▶ [WHAT IS REQUIRED] The lines to repeat are those below from the one containing "sc (\<odot>) \<phi>" down to the one containing "using isometry_in_orthogonal_group[OF lin]", both included; reproduce them exactly and nothing else.

▶ [DATASET CONTENT]
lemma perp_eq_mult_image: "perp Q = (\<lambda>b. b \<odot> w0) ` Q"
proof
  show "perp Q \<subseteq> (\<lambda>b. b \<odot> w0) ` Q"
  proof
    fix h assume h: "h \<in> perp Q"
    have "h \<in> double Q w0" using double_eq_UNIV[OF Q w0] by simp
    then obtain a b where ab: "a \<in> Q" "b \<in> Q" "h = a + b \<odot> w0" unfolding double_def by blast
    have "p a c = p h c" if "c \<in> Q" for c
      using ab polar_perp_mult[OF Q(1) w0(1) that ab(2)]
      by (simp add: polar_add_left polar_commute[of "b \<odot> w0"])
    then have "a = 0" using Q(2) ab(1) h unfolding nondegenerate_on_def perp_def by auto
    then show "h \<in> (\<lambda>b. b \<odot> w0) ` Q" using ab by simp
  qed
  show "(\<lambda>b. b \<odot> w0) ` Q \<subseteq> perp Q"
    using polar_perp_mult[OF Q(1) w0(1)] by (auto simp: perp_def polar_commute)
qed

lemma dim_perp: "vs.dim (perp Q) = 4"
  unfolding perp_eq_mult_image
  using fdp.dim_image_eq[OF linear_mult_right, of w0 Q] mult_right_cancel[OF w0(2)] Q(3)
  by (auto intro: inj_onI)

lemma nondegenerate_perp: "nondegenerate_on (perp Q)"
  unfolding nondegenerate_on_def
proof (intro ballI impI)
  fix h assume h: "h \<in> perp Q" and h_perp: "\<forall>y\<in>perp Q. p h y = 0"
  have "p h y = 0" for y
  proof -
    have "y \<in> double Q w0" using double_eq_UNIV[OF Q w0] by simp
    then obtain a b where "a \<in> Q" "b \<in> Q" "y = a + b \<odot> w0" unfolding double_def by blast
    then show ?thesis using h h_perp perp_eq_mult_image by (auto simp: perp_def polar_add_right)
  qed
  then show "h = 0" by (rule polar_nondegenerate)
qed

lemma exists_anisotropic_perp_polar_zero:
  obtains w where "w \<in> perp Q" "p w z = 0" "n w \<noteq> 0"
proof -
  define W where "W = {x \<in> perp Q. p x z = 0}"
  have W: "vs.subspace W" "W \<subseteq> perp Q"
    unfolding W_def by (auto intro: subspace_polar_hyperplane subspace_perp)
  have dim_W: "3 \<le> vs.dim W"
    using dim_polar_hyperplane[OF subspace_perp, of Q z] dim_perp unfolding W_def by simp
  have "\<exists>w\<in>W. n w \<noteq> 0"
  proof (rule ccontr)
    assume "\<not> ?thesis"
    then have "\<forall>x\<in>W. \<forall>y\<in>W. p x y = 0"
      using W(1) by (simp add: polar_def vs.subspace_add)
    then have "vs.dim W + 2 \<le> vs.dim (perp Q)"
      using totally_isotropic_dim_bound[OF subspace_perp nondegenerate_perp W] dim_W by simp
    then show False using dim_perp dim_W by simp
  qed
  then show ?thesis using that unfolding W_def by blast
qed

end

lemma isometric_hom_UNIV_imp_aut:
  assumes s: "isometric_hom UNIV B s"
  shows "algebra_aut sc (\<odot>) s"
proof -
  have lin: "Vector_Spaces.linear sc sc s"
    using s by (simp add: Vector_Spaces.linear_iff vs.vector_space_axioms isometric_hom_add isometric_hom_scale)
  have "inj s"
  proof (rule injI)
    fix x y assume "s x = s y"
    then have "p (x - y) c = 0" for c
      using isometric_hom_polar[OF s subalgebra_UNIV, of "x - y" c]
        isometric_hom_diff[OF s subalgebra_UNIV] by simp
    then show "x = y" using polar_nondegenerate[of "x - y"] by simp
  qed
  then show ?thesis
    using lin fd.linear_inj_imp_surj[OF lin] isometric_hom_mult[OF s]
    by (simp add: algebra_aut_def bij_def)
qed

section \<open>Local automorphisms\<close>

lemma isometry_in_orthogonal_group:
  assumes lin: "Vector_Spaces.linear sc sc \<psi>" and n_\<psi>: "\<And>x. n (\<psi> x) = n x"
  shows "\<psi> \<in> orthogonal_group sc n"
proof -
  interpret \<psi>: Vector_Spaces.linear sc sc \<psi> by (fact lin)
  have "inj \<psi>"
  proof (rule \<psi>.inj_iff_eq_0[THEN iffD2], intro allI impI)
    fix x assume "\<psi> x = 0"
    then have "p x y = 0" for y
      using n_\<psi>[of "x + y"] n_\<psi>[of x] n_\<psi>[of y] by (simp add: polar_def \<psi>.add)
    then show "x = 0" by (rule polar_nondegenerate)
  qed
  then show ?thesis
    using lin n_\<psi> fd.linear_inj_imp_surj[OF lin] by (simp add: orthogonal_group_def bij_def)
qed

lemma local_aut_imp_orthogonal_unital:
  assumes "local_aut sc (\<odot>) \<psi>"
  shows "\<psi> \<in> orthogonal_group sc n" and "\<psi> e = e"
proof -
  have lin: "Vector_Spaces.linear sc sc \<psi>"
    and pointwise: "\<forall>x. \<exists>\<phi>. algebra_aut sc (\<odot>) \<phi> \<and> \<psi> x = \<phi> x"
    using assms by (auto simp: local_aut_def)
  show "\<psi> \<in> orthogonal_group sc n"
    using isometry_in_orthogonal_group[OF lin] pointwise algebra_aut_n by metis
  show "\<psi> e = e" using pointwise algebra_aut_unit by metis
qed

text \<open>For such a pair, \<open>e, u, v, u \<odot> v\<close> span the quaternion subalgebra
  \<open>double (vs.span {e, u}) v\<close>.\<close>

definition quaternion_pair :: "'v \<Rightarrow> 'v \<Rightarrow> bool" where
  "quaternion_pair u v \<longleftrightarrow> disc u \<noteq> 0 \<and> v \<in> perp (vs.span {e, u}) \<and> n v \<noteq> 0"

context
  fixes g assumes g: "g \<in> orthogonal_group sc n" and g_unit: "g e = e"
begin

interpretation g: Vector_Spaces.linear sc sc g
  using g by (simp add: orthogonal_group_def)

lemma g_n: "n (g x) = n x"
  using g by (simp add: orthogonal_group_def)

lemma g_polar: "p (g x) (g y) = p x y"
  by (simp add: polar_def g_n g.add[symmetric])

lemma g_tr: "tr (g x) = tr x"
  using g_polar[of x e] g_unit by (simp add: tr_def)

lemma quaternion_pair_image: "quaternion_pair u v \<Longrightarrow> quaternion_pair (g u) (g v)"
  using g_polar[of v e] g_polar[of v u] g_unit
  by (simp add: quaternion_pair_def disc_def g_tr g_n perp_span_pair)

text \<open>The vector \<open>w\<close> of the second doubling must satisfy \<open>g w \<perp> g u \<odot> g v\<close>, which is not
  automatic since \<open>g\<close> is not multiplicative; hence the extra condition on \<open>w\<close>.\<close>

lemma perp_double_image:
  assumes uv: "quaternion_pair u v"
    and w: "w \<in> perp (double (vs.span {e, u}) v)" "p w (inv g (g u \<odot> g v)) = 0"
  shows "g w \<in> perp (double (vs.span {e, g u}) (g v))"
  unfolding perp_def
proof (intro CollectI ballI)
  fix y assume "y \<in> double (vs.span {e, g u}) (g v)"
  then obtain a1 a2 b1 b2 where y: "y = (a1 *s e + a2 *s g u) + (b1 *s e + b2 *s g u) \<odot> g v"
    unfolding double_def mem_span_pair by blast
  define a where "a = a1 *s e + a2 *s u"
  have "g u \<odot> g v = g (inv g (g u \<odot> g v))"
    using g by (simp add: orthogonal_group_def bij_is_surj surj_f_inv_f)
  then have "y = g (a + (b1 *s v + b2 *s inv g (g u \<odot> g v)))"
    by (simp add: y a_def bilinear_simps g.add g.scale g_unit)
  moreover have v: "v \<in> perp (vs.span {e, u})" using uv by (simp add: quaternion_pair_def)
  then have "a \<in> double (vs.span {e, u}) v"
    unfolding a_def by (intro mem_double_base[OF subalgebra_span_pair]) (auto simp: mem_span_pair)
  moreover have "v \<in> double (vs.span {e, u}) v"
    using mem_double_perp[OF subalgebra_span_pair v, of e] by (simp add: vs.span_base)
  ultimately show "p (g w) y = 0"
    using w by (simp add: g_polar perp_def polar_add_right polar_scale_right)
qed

▶ [EXERCISE SOLUTION]
    and pointwise: "\<forall>x. \<exists>\<phi>. algebra_aut sc (\<odot>) \<phi> \<and> \<psi> x = \<phi> x"
    using assms by (auto simp: local_aut_def)
  show "\<psi> \<in> orthogonal_group sc n"
    using isometry_in_orthogonal_group[OF lin] pointwise algebra_aut_n by metis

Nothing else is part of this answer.